Are these two statements equivalent:
$ \sum\limits_{i=1}^{n} \alpha = \sum\limits_{i=1}^n \sum\limits_{j=1}^m A_{i,j}b_{i} $
and
$ \alpha = \sum\limits_{j=1}^m A_{i,j}b_{i} $
where $\alpha$ is a constant, $b$ is a vector and $A$ is a matrix. Something I'm reading uses this equivalency in their derivations but the reason why this doesn't sit well with me is because the first seems like a more relaxed condition (it's restricting summation over both rows and columns), whereas second is stricter (it's restricting summation over each column).
I realize this is probably too simple a question but would appreciate any help.
Edit: I should add that we know $\sum\limits_{i}^n b_i = 1$ and $\sum\limits_{i}^n\sum\limits_{j}^m A_{i,j} = 1$
In a general sense, no, the two statements are not equivalent. However, there are specific scenarions where the equivalence could hold true.

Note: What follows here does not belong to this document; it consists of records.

definition ranks_equal :: "'a ballot \<Rightarrow> 'a \<Rightarrow> 'a \<Rightarrow> bool" where
  "ranks_equal b x y \<longleftrightarrow> x \<in> fst b \<and> y \<in> fst b \<and> (x, y) \<in> snd b \<and> (y, x) \<in> snd b"

definition llull :: "'a ballot list \<Rightarrow> 'a \<Rightarrow> 'a \<Rightarrow> real" where
  "llull vs x y =
     (real (length (filter (\<lambda>b. prefers b x y) vs))
      + real (length (filter (\<lambda>b. ranks_equal b x y) vs)) / 2) / real (length vs)"

definition is_path :: "'a set \<Rightarrow> 'a \<Rightarrow> 'a \<Rightarrow> 'a list \<Rightarrow> bool" where
  "is_path A x y p \<longleftrightarrow> length p \<ge> 2 \<and> distinct p \<and> set p \<subseteq> A \<and> hd p = x \<and> last p = y"

definition path_strength :: "('a \<Rightarrow> 'a \<Rightarrow> real) \<Rightarrow> 'a list \<Rightarrow> real" where
  "path_strength v p = Min (set (map (\<lambda>(a, b). v a b) (zip p (tl p))))"

definition path_score :: "'a set \<Rightarrow> ('a \<Rightarrow> 'a \<Rightarrow> real) \<Rightarrow> 'a \<Rightarrow> 'a \<Rightarrow> real" where
  "path_score A v x y = Max {path_strength v p | p. is_path A x y p}"

definition Dscore :: "'a set \<Rightarrow> 'a \<Rightarrow> ('a \<Rightarrow> 'a \<Rightarrow> real) \<Rightarrow> 'a \<Rightarrow> real" where
  "Dscore A d v z = (if z = d then 0 else path_score A v z d - path_score A v d z)"

text \<open>Path-revised approval choices (d is the default option 0).\<close>
definition path_revised_approval :: "'a set \<Rightarrow> 'a \<Rightarrow> ('a \<Rightarrow> 'a \<Rightarrow> real) \<Rightarrow> 'a set" where
  "path_revised_approval A d v =
     {x \<in> A. \<forall>z \<in> A. z \<noteq> x \<longrightarrow> Dscore A d v x \<ge> Dscore A d v z}"

definition pareto_dominates :: "'a ballot list \<Rightarrow> 'a \<Rightarrow> 'a \<Rightarrow> bool" where
  "pareto_dominates vs x y \<longleftrightarrow>
     (\<forall>b \<in> set vs. prefers b x y \<or> ranks_equal b x y) \<and> (\<exists>b \<in> set vs. prefers b x y)"

end

theory Submission
  imports Defs
begin

text \<open>If x Pareto-dominates y, every vote gives x at least the support of y against any third
  option z, concedes to z against x at most what it concedes against y, and favours x over y at
  least as much as y over x; these inequalities pass to the Llull matrix.  A path starting at y
  can then be rerouted to start at x without losing strength (cut it at x if it passes through x,
  otherwise replace y by x), dually for paths ending at x, and a path from y to x becomes one
  from x to y.  Hence x has at least the path-revised approval score of y.\<close>

lemma successively_zip_tl:
  "(\<forall>(a, b) \<in> set (zip p (tl p)). P a b) \<longleftrightarrow> successively P p"
  by (induction p rule: induct_list012) auto

lemma path_strength_ge_iff:
  assumes "length p \<ge> 2"
  shows "c \<le> path_strength v p \<longleftrightarrow> successively (\<lambda>a b. c \<le> v a b) p"
proof -
  have "zip p (tl p) \<noteq> []"
    using assms by (cases p; cases "tl p") auto
  then show ?thesis
    unfolding path_strength_def by (simp add: Min_ge_iff split_beta successively_zip_tl [symmetric])
qed

lemma finite_paths:
  assumes "finite A"
  shows "finite {p. is_path A a b p}"
proof -
  have "{p. is_path A a b p} \<subseteq> {xs. set xs \<subseteq> A \<and> length xs \<le> card A}"
  proof clarify
    fix p assume "is_path A a b p"
    then have "distinct p" "set p \<subseteq> A"
      by (simp_all add: is_path_def)
    then show "set p \<subseteq> A \<and> length p \<le> card A"
      using card_mono [OF assms] distinct_card by metis
  qed
  then show ?thesis
    using finite_lists_length_le [OF assms] finite_subset by blast
qed

lemma is_path_rev: "is_path A a b p \<Longrightarrow> is_path A b a (rev p)"
  by (auto simp: is_path_def hd_rev last_rev)

lemma path_score_mono:
  assumes "finite A" "a \<in> A" "b \<in> A" "a \<noteq> b"
    and reroute: "\<And>c p. is_path A a b p \<Longrightarrow> successively (\<lambda>u w. c \<le> v u w) p \<Longrightarrow>
      \<exists>q. is_path A a' b' q \<and> successively (\<lambda>u w. c \<le> v u w) q"
  shows "path_score A v a b \<le> path_score A v a' b'"
proof -
  have "is_path A a b [a, b]"
    using assms by (simp add: is_path_def)
  then have nonempty: "{path_strength v p | p. is_path A a b p} \<noteq> {}"
    by blast
  have "path_strength v p \<le> path_score A v a' b'" if p: "is_path A a b p" for p
  proof -
    have "length p \<ge> 2"
      using p by (simp add: is_path_def)
    then obtain q where q: "is_path A a' b' q"
      and "successively (\<lambda>u w. path_strength v p \<le> v u w) q"
      using reroute [OF p] path_strength_ge_iff by blast
    then have "path_strength v p \<le> path_strength v q"
      by (simp add: path_strength_ge_iff is_path_def)
    also have "\<dots> \<le> path_score A v a' b'"
      unfolding path_score_def using q finite_paths [OF assms(1)]
      by (intro Max_ge) (auto simp: Setcompr_eq_image)
    finally show ?thesis .
  qed
  then show ?thesis
    unfolding path_score_def using finite_paths [OF assms(1)] nonempty
    by (subst Max_le_iff) (auto simp: Setcompr_eq_image)
qed
theory Submission
  imports Defs
begin

text \<open>Every candidate edge f of auction round k satisfies k \<in> B_f. Hence, under each of the
  three hypotheses, the winner w_k of every round stays the cheapest candidate for c':
  a candidate other than e keeps its cost; if e is a candidate but e \<noteq> w_k, then
  c'(e) exceeds c(w_k); and if e = w_k, every other candidate costs at least c(u_k) > c'(e).
  So the auction under c' runs exactly as under c, and DFShortcut receives the same input.\<close>

lemma length_auction_st:
  "length (fst (auction_st c R T k)) = k" "length (snd (auction_st c R T k)) = k"
  by (induction k) (simp_all add: Let_def)

lemma auction_st_take:
  assumes "k \<le> m"
  shows "auction_st c R T k =
    (take k (fst (auction_st c R T m)), take k (snd (auction_st c R T m)))"
  using assms
proof (induction m)
  case 0
  then show ?case by simp
next
  case (Suc m)
  show ?case
  proof (cases "k = Suc m")
    case True
    then show ?thesis using length_auction_st[of c R T "Suc m"] by simp
  next
    case False
    with Suc have "k \<le> m" by simp
    then show ?thesis using Suc.IH length_auction_st[of c R T m] by (simp add: Let_def)
  qed
qed

lemma finite_edges: "finite V \<Longrightarrow> finite (edges V)"
  by (rule finite_subset[of _ "Pow V"]) (auto simp: edges_def)

lemma cand_subset_edges: "A \<subseteq> T \<Longrightarrow> R \<inter> T = {} \<Longrightarrow> cand R T A \<subseteq> edges (R \<union> T)"
  unfolding cand_def edges_def by blast

lemma second_best_le:
  assumes "finite (R \<union> T)" "f \<in> edges (R \<union> T)" "f \<noteq> auction_w c R T k"
    and "k \<in> bid_rounds (auction_a c R T) f"
  shows "c (second_best c R T k) \<le> c f"
proof -
  let ?S = "{f \<in> edges (R \<union> T). f \<noteq> auction_w c R T k \<and> k \<in> bid_rounds (auction_a c R T) f}"
  have "finite ?S" using finite_edges[OF assms(1)] by simp
  moreover have "f \<in> ?S" using assms(2-4) by simp
  ultimately show ?thesis
    using arg_min_least[of ?S f c] unfolding second_best_def arg_min_on_def by auto
qed

locale mrta =
  fixes R T :: "'v set"
  assumes finite_robots: "finite R" and finite_tasks: "finite T"
    and robots_tasks_disjoint: "R \<inter> T = {}" and robots_nonempty: "R \<noteq> {}"
begin

text \<open>assigned c k lists the set A of tasks assigned in the first k rounds, in order of
  assignment; round_cand c k is the set of candidate edges of round k + 1.\<close>

abbreviation assigned :: "('v set \<Rightarrow> real) \<Rightarrow> nat \<Rightarrow> 'v list" where
  "assigned c k \<equiv> snd (auction_st c R T k)"

abbreviation round_cand :: "('v set \<Rightarrow> real) \<Rightarrow> nat \<Rightarrow> 'v set set" where
  "round_cand c k \<equiv> cand R T (set (assigned c k))"

lemma round_cand_finite: "set (assigned c k) \<subseteq> T \<Longrightarrow> finite (round_cand c k)"
  using cand_subset_edges[OF _ robots_tasks_disjoint] finite_edges[of "R \<union> T"]
    finite_robots finite_tasks by (auto intro: finite_subset)

lemma round_cand_nonempty:
  assumes "distinct (assigned c k)" "k < card T"
  shows "round_cand c k \<noteq> {}"
proof -
  have "\<not> T \<subseteq> set (assigned c k)"
    using assms card_mono[of "set (assigned c k)" T]
    by (auto simp: distinct_card length_auction_st)
  then obtain t where "t \<in> T - set (assigned c k)" by blast
  moreover obtain r where "r \<in> R" using robots_nonempty by blast
  ultimately have "{r, t} \<in> round_cand c k" unfolding cand_def by blast
  then show ?thesis by blast
qed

So let's first answer the question of whether they are always equivalent:
The first statement:
$$\sum_{i=1}^n\alpha = \sum_{i=1}^n\sum_{j=1}^mA_{i,j}b_i$$
sums the constant $\alpha$ over $i$ from 1 to $n$, effectively multiplying $\alpha$ by $n$. It implies that the sum of $\alpha$ over $n$ terms equals the sum of products of $A$'s entries with $b$'s entries over all rows and columns, as you pointed out. It's a statement about the entire matrix $A$ and the vector $b$.
The second statement:
$$\alpha = \sum_{j=1}^m A_{i, j}b_i$$
equates $\alpha$ to the sum over $j$ of the product of the matrix $A$'s entries and the vector $b$'s entries for a fixed $i$. It is a per-row statement, saying that for each row $i$, $\alpha$ equals the sum of the products of the entries of that row with the corresponding entries of $b$.
Therefore, as you correctly pointed out, they describe different relationships, and are not, at face value, equivalent.
Let us now look at some scenarios where specific conditions of $A$, $b$, or $\alpha$ could make them equivalent:
If each row of the matrix $A$ multiplies with vector $b$ to give the same sum, which is $\alpha$, the equivalence holds.
If the matrix $A$ and vector $b$ are structured in such a way that the product of each row of $A$ with $b$ yields the same scalar $\alpha$, the equivalence holds.
If $\alpha$ is defined or derived in a way that makes it equal to the sum of products for each row of $A$ and $b$, the equivalence holds.
Hope this helps. Good luck with your studies!